Collected data entries:
⟨

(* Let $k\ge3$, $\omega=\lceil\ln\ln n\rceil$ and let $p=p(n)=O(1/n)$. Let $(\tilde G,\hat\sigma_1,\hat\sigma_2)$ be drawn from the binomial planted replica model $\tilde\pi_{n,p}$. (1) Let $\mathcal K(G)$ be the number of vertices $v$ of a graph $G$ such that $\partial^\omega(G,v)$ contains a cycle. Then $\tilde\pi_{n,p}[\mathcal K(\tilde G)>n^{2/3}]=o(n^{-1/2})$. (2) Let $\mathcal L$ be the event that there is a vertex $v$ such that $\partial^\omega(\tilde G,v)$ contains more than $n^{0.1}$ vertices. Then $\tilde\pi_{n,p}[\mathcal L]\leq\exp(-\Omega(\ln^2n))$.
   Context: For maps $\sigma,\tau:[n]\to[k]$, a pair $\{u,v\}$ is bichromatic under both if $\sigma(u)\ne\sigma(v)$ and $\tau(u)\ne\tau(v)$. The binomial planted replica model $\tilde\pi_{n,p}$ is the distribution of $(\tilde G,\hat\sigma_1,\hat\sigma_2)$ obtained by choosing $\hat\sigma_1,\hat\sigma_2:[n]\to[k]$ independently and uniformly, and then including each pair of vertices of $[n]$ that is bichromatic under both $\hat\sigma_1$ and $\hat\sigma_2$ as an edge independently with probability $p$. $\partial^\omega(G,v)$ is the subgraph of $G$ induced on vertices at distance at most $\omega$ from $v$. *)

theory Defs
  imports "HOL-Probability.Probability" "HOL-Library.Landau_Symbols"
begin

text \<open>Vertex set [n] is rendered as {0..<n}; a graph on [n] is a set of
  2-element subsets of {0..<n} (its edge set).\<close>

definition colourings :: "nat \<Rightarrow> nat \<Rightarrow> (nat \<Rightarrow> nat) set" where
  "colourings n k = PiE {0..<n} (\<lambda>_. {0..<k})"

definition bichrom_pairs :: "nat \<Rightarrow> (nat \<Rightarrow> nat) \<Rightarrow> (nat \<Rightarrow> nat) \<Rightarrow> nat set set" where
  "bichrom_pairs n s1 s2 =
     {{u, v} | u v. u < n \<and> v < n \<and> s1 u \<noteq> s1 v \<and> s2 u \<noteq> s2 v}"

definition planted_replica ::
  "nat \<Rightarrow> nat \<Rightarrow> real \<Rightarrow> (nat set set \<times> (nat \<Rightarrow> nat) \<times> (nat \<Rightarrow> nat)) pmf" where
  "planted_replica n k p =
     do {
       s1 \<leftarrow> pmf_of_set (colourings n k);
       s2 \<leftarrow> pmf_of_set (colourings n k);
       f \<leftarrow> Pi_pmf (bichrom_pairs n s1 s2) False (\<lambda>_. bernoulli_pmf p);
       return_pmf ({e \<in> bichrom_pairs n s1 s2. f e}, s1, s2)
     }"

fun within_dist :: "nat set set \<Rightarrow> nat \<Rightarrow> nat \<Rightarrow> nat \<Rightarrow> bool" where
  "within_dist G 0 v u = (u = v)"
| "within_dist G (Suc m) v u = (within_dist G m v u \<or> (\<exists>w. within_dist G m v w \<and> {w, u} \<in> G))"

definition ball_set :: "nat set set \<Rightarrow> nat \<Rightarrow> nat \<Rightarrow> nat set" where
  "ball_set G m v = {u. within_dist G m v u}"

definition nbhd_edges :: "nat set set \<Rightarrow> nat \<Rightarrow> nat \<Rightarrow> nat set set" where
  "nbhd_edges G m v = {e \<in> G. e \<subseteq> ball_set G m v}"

⟩
⟨

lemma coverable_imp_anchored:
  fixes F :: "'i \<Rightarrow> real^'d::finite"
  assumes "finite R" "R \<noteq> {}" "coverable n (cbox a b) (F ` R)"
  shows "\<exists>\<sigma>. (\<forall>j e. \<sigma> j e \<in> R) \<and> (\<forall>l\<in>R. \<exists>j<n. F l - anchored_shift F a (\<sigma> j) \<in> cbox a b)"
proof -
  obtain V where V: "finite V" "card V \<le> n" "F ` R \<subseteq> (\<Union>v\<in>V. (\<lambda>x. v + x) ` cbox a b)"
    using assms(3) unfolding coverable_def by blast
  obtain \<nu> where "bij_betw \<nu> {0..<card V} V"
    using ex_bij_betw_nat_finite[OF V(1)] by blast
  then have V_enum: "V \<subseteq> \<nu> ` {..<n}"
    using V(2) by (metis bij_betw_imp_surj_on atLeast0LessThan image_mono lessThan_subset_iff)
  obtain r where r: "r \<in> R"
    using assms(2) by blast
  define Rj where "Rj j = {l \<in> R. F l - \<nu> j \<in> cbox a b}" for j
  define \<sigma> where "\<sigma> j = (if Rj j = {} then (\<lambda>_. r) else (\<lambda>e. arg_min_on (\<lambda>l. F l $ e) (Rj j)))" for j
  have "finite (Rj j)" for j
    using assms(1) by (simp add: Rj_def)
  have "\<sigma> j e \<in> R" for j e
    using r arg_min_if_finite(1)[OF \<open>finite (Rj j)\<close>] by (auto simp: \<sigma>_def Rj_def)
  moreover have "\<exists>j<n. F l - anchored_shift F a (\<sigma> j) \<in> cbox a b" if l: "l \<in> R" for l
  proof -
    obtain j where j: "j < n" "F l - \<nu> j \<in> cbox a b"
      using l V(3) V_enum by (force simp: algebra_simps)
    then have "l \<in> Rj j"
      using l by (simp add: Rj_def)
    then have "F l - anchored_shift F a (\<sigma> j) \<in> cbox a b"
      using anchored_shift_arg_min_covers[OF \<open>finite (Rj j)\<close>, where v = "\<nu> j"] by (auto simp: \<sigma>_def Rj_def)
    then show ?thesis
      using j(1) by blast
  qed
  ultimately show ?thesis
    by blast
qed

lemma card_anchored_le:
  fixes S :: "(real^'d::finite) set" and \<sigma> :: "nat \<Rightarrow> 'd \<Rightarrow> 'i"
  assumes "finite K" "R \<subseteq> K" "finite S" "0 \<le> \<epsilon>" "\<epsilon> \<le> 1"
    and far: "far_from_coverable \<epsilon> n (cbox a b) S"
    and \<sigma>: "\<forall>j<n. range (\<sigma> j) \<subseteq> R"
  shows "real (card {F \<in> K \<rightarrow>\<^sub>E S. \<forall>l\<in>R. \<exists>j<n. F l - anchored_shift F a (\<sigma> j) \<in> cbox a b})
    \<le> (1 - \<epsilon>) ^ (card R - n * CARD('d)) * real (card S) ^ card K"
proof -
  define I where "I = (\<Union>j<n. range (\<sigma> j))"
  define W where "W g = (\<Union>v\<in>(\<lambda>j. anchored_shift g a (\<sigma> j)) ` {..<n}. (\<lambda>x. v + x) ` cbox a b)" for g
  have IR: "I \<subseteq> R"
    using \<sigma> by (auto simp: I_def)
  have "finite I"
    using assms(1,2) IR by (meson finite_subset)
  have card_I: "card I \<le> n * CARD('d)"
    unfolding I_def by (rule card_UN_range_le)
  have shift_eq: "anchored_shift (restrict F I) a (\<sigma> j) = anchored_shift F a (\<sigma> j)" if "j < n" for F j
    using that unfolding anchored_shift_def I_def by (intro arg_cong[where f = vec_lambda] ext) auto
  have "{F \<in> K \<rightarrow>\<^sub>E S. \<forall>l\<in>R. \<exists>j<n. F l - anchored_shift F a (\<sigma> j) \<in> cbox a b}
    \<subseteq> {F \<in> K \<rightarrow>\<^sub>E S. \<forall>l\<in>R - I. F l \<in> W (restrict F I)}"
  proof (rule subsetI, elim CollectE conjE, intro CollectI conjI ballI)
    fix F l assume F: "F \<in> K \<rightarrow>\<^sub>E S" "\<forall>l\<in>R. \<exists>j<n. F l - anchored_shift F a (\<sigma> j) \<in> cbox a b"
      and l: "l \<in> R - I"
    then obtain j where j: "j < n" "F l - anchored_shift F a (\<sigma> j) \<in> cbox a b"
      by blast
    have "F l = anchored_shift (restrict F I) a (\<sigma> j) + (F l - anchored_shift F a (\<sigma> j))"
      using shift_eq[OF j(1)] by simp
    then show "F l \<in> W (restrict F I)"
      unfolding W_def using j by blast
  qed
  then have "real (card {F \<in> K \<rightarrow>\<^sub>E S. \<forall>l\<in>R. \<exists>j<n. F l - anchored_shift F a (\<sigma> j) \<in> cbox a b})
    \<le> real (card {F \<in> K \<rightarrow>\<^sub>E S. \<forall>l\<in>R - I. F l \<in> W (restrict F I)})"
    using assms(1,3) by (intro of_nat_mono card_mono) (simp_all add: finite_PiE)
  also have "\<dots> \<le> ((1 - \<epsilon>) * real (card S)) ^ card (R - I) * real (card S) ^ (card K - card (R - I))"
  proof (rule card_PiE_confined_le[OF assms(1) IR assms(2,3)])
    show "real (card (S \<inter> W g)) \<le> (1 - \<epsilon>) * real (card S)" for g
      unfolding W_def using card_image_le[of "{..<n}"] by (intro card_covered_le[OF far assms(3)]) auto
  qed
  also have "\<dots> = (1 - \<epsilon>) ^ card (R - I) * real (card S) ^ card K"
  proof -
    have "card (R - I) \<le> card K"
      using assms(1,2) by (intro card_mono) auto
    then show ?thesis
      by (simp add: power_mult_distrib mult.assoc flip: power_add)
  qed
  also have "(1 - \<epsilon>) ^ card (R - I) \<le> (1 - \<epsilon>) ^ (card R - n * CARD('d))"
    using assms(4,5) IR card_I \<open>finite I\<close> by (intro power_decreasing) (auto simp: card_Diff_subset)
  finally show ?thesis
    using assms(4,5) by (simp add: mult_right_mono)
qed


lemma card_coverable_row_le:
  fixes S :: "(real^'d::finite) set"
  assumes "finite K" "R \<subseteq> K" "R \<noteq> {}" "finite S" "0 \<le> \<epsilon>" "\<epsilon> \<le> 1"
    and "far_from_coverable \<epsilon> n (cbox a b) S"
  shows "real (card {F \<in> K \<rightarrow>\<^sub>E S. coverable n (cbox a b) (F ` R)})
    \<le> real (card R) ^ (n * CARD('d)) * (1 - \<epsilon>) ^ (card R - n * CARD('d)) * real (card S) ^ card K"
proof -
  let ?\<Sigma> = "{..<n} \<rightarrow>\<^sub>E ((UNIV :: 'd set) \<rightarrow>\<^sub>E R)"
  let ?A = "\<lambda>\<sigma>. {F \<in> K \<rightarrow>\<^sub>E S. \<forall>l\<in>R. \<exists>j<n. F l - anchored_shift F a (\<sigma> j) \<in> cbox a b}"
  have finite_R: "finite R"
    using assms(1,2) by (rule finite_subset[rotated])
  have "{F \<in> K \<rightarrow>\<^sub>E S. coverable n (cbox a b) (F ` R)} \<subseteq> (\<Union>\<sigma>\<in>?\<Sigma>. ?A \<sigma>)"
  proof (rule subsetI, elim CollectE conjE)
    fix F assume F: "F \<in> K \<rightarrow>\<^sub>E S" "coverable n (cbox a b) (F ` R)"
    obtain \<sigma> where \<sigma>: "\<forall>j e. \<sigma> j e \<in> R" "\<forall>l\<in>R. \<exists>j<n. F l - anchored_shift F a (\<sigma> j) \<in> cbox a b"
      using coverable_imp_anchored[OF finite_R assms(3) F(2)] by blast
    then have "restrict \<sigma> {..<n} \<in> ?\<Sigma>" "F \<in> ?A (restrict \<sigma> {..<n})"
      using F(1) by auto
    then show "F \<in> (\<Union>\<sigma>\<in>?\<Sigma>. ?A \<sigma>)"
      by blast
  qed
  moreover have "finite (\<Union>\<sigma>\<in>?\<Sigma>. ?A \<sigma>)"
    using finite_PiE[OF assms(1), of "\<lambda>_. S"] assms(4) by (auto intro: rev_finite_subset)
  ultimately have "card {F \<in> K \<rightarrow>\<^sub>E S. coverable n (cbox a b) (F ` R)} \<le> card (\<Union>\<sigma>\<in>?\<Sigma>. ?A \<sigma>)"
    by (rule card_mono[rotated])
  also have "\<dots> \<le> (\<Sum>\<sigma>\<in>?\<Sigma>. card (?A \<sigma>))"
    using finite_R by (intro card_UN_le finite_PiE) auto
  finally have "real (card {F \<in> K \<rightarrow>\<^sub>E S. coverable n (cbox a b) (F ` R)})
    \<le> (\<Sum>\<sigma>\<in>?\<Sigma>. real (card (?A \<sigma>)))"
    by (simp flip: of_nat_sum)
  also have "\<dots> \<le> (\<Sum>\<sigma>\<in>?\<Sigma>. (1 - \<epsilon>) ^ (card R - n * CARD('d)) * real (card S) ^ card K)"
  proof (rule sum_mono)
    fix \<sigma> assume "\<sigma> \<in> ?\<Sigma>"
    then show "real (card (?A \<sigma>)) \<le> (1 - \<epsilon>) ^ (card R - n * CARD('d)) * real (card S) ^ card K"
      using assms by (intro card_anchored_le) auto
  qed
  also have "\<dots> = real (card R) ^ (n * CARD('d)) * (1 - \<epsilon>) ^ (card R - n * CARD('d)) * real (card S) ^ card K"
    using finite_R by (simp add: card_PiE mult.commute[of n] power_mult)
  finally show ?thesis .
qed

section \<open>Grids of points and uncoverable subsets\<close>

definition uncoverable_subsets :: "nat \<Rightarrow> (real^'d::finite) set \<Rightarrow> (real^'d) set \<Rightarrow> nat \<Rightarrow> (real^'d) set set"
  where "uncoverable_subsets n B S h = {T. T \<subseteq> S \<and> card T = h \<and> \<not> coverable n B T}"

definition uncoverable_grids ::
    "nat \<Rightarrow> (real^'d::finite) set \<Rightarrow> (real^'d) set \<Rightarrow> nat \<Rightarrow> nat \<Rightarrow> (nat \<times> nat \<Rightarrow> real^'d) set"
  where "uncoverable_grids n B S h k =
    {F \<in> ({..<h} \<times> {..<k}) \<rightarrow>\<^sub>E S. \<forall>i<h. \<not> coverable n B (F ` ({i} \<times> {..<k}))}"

⟩

Your answer should be the lines above from the one containing "text \<open>Vertex set" through the one containing "G. e \<subseteq>", copied exactly and with both ends kept.

text \<open>Vertex set [n] is rendered as {0..<n}; a graph on [n] is a set of
  2-element subsets of {0..<n} (its edge set).\<close>

definition colourings :: "nat \<Rightarrow> nat \<Rightarrow> (nat \<Rightarrow> nat) set" where
  "colourings n k = PiE {0..<n} (\<lambda>_. {0..<k})"

definition bichrom_pairs :: "nat \<Rightarrow> (nat \<Rightarrow> nat) \<Rightarrow> (nat \<Rightarrow> nat) \<Rightarrow> nat set set" where
  "bichrom_pairs n s1 s2 =
     {{u, v} | u v. u < n \<and> v < n \<and> s1 u \<noteq> s1 v \<and> s2 u \<noteq> s2 v}"

definition planted_replica ::
  "nat \<Rightarrow> nat \<Rightarrow> real \<Rightarrow> (nat set set \<times> (nat \<Rightarrow> nat) \<times> (nat \<Rightarrow> nat)) pmf" where
  "planted_replica n k p =
     do {
       s1 \<leftarrow> pmf_of_set (colourings n k);
       s2 \<leftarrow> pmf_of_set (colourings n k);
       f \<leftarrow> Pi_pmf (bichrom_pairs n s1 s2) False (\<lambda>_. bernoulli_pmf p);
       return_pmf ({e \<in> bichrom_pairs n s1 s2. f e}, s1, s2)
     }"

fun within_dist :: "nat set set \<Rightarrow> nat \<Rightarrow> nat \<Rightarrow> nat \<Rightarrow> bool" where
  "within_dist G 0 v u = (u = v)"
| "within_dist G (Suc m) v u = (within_dist G m v u \<or> (\<exists>w. within_dist G m v w \<and> {w, u} \<in> G))"

definition ball_set :: "nat set set \<Rightarrow> nat \<Rightarrow> nat \<Rightarrow> nat set" where
  "ball_set G m v = {u. within_dist G m v u}"

definition nbhd_edges :: "nat set set \<Rightarrow> nat \<Rightarrow> nat \<Rightarrow> nat set set" where
  "nbhd_edges G m v = {e \<in> G. e \<subseteq> ball_set G m v}"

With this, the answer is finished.